Dataset entries:
####

lemma cox_eq_rev_append_cancel:
  assumes "\<forall>a\<in>S. M a a = 1"
  shows "w \<in> lists S \<Longrightarrow> (rev w @ w, []) \<in> cox_eq S M"
proof (induction w)
  case Nil
  then show ?case by (simp add: cox_eq.refl)
next
  case (Cons a w)
  then have "(rev w @ a # a # w, rev w @ w) \<in> cox_eq S M"
    using assms by (intro cox_eq_cancel_square) auto
  with Cons show ?case by (auto intro: cox_eq.trans)
qed

lemma cox_eq_append_rev_cancel:
  "\<forall>a\<in>S. M a a = 1 \<Longrightarrow> w \<in> lists S \<Longrightarrow> (w @ rev w, []) \<in> cox_eq S M"
  using cox_eq_rev_append_cancel[of S M "rev w"] by (simp add: in_lists_conv_set)

lemma cox_eq_commute:
  assumes "a \<in> S" "b \<in> S" "M a b = 2" "M a a = 1" "M b b = 1"
  shows "([a, b], [b, a]) \<in> cox_eq S M"
proof -
  have "[a, b, a, b] \<in> cox_relators S M"
    using cox_relator_power[of a S b M 2] assms by (simp add: numeral_eq_enat eval_nat_numeral)
  then have "([b, a] @ [a, b, a, b] @ [], [b, a] @ []) \<in> cox_eq S M"
    using assms by (intro cox_eq.rel) auto
  moreover have "([b] @ a # a # [b, a, b], [b] @ [b, a, b]) \<in> cox_eq S M"
    using assms by (intro cox_eq_cancel_square) auto
  moreover have "([] @ b # b # [a, b], [] @ [a, b]) \<in> cox_eq S M"
    using assms by (intro cox_eq_cancel_square) auto
  ultimately show ?thesis by simp (meson cox_eq.sym cox_eq.trans)
qed

lemma cox_eq_braid:
  assumes "a \<in> S" "b \<in> S" "M a b = 3" "M a a = 1" "M b b = 1"
  shows "([a, b, a], [b, a, b]) \<in> cox_eq S M"
proof -
  have "[a, b, a, b, a, b] \<in> cox_relators S M"
    using cox_relator_power[of a S b M 3] assms by (simp add: numeral_eq_enat eval_nat_numeral)
  then have "([] @ [a, b, a, b, a, b] @ [b, a, b], [] @ [b, a, b]) \<in> cox_eq S M"
    using assms by (intro cox_eq.rel) auto
  moreover have "([a, b, a, b, a] @ b # b # [a, b], [a, b, a, b, a] @ [a, b]) \<in> cox_eq S M"
    using assms by (intro cox_eq_cancel_square) auto
  moreover have "([a, b, a, b] @ a # a # [b], [a, b, a, b] @ [b]) \<in> cox_eq S M"
    using assms by (intro cox_eq_cancel_square) auto
  moreover have "([a, b, a] @ b # b # [], [a, b, a] @ []) \<in> cox_eq S M"
    using assms by (intro cox_eq_cancel_square) auto
  ultimately show ?thesis by simp (meson cox_eq.sym cox_eq.trans)
qed
lemma lyapunov_coeff_step_size:
  assumes "\<mu> > 0"
  shows "(real k + 1) / step_size \<mu> L1 k = lyapunov_coeff \<mu> L1 (Suc k)"
    and "(real k + 1) / step_size \<mu> L1 k * (1 - \<mu> * step_size \<mu> L1 k) = lyapunov_coeff \<mu> L1 k"
proof -
  have "\<mu> * (real k + 1) > 0" using assms by simp
  then have "(real k + 1) * (L1\<^sup>2 / (\<mu> * (real k + 1))) = L1\<^sup>2 / \<mu>"
    using assms by (simp add: field_simps)
  then have inv: "(real k + 1) / step_size \<mu> L1 k = (\<mu> * (real k + 1) * (real k + 2) + L1\<^sup>2 / \<mu>) / 2"
    unfolding step_size_def by (simp add: algebra_simps)
  then show "(real k + 1) / step_size \<mu> L1 k = lyapunov_coeff \<mu> L1 (Suc k)"
    unfolding lyapunov_coeff_def by (simp add: algebra_simps)
  have "(real k + 1) / step_size \<mu> L1 k * (1 - \<mu> * step_size \<mu> L1 k)
      = (real k + 1) / step_size \<mu> L1 k - \<mu> * (real k + 1)"
    using step_size_pos[OF assms, of L1 k] by (simp add: right_diff_distrib)
  then show "(real k + 1) / step_size \<mu> L1 k * (1 - \<mu> * step_size \<mu> L1 k) = lyapunov_coeff \<mu> L1 k"
    unfolding inv lyapunov_coeff_def by (simp add: algebra_simps)
qed
text \<open>The square root is the binomial series \<open>\<Sum>\<^sub>n (1/2 choose n) (-y)\<^sup>n\<close>; squaring it by the
  Cauchy product and Vandermonde's identity leaves only the terms \<open>1 - y\<close>.\<close>
lemma selfadjoint_sqrt_one_minus:
  fixes y :: "'a::{real_normed_algebra_1,banach}"
  assumes ny: "norm y < 1"
    and star_add: "\<And>a b. star (a + b) = star a + star b"
    and star_scaleR: "\<And>r a. star (r *\<^sub>R a) = r *\<^sub>R star a"
    and star_norm: "\<And>a. norm (star a) = norm a"
    and star_mult: "\<And>a b. star (a * b) = star b * star a"
    and star_1: "star 1 = 1" and star_y: "star y = y"
  shows "\<exists>s. star s = s \<and> s * s = 1 - y"
proof -
  define c where "c n = ((1/2::real) gchoose n) * (-1)^n" for n
  define f where "f n = c n *\<^sub>R y ^ n" for n
  have "norm (f n) \<le> norm y ^ n" for n
  proof -
    have "norm (f n) = \<bar>c n\<bar> * norm (y ^ n)" by (simp add: f_def)
    also have "\<dots> \<le> 1 * norm y ^ n"
      using abs_half_gchoose_le_1[of n] by (intro mult_mono norm_power_ineq) (auto simp: c_def abs_mult)
    finally show ?thesis by simp
  qed
  hence summable_norm: "summable (\<lambda>n. norm (f n))"
    by (intro summable_comparison_test[OF _ summable_geometric[of "norm y"]]) (use ny in auto)
  have "bounded_linear star"
    by (rule bounded_linear_intro[of _ 1]) (auto simp: star_add star_scaleR star_norm)
  hence "star (suminf f) = (\<Sum>n. star (f n))"
    using bounded_linear.suminf summable_norm_cancel[OF summable_norm] by blast
  also have "\<dots> = suminf f"
  proof -
    have "star (y ^ n) = y ^ n" for n
      by (induction n) (auto simp: star_1 star_mult star_y power_commutes)
    thus ?thesis by (simp add: f_def[abs_def] star_scaleR)
  qed
  finally have selfadjoint: "star (suminf f) = suminf f" .
  have cauchy_product: "(\<lambda>k. \<Sum>i\<le>k. f i * f (k - i)) sums (suminf f * suminf f)"
    by (rule Cauchy_product_sums[OF summable_norm summable_norm])
  have coeff: "(\<Sum>i\<le>k. f i * f (k - i)) = ((-1)^k * ((1::real) gchoose k)) *\<^sub>R y ^ k" for k
  proof -
    have "(\<Sum>i\<le>k. f i * f (k - i)) = (\<Sum>i\<le>k. c i * c (k - i)) *\<^sub>R y ^ k"
      by (auto simp: f_def power_add[symmetric] scaleR_sum_left intro!: sum.cong)
    also have "(\<Sum>i\<le>k. c i * c (k - i)) = (-1)^k * (\<Sum>i\<le>k. ((1/2::real) gchoose i) * ((1/2) gchoose (k - i)))"
      unfolding sum_distrib_left by (intro sum.cong refl) (auto simp: c_def power_add[symmetric])
    also have "(\<Sum>i\<le>k. ((1/2::real) gchoose i) * ((1/2) gchoose (k - i))) = 1 gchoose k"
      using gbinomial_Vandermonde[of "1/2::real" "1/2" k] by (simp add: atMost_atLeast0)
    finally show ?thesis .
  qed
  have "(\<lambda>k. ((-1)^k * ((1::real) gchoose k)) *\<^sub>R y ^ k) sums (\<Sum>k\<in>{0,1}. ((-1)^k * ((1::real) gchoose k)) *\<^sub>R y ^ k)"
    by (rule sums_finite) (auto simp: one_gchoose_eq_0)
  hence "(\<lambda>k. \<Sum>i\<le>k. f i * f (k - i)) sums (1 - y)" unfolding coeff by simp
  with cauchy_product have "suminf f * suminf f = 1 - y" using sums_unique2 by blast
  with selfadjoint show ?thesis by blast
qed

locale gns_system =
  fixes sc :: "complex \<Rightarrow> 'a::{real_normed_algebra_1,banach} \<Rightarrow> 'a"
    and star :: "'a \<Rightarrow> 'a" and \<omega> :: "'a \<Rightarrow> complex"
    and \<tau> :: "'g::topological_ab_group_add \<Rightarrow> 'a \<Rightarrow> 'a"
    and scH :: "complex \<Rightarrow> 'h::{real_normed_vector,banach} \<Rightarrow> 'h"
    and ip :: "'h \<Rightarrow> 'h \<Rightarrow> complex" and \<iota> :: "'a \<Rightarrow> 'h"
  assumes dynamical_system: "cstar_dynamical_system sc star \<omega> \<tau>"
    and gns: "gns_representation sc star \<omega> scH ip \<iota>"
begin

lemma sc_real: "sc (complex_of_real r) x = r *\<^sub>R x"
  and star_add: "star (a + b) = star a + star b"
  and star_sc: "star (sc c a) = sc (cnj c) (star a)"
  and star_mult: "star (a * b) = star b * star a"
  and star_star[simp]: "star (star a) = a"
  and cstar_identity: "norm (star a * a) = norm a ^ 2"
  using dynamical_system
  by (auto simp: cstar_dynamical_system_def cstar_algebra_def complex_scalar_def)

lemma star_scaleR: "star (r *\<^sub>R a) = r *\<^sub>R star a"
  using star_sc[of "complex_of_real r" a] by (simp add: sc_real)

lemma star_1[simp]: "star 1 = 1"
  using star_mult[of "star 1" 1] by simp

lemma norm_star: "norm (star a) = norm a"
proof -
  have le: "norm b \<le> norm (star b)" for b
  proof (cases "b = 0")
    case False
    have "norm b ^ 2 \<le> norm (star b) * norm b"
      using cstar_identity[of b] norm_mult_ineq[of "star b" b] by simp
    then show ?thesis using False by (simp add: power2_eq_square)
  qed simp
  show ?thesis using le[of a] le[of "star a"] by simp
qed

lemma state_add: "\<omega> (a + b) = \<omega> a + \<omega> b"
  and state_sc: "\<omega> (sc c a) = c * \<omega> a"
  and state_positive: "Re (\<omega> (star a * a)) \<ge> 0"
  and state_1[simp]: "\<omega> 1 = 1"
  and state_tau[simp]: "\<omega> (\<tau> g a) = \<omega> a"
  using dynamical_system by (auto simp: cstar_dynamical_system_def is_state_def)

lemma state_diff: "\<omega> (a - b) = \<omega> a - \<omega> b"
  using state_add[of "a - b" b] by simp

lemma state_scaleR: "\<omega> (r *\<^sub>R a) = complex_of_real r * \<omega> a"
  using state_sc[of "complex_of_real r" a] by (simp add: sc_real)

####

__Task__
Return only the lines between the one holding "b], [] @ [a, b]) \<in>" and the one holding "b, a, b, a, b] \<in>", inclusive, exactly as they appear above.

__Final answer__
  moreover have "([] @ b # b # [a, b], [] @ [a, b]) \<in> cox_eq S M"
    using assms by (intro cox_eq_cancel_square) auto
  ultimately show ?thesis by simp (meson cox_eq.sym cox_eq.trans)
qed

lemma cox_eq_braid:
  assumes "a \<in> S" "b \<in> S" "M a b = 3" "M a a = 1" "M b b = 1"
  shows "([a, b, a], [b, a, b]) \<in> cox_eq S M"
proof -
  have "[a, b, a, b, a, b] \<in> cox_relators S M"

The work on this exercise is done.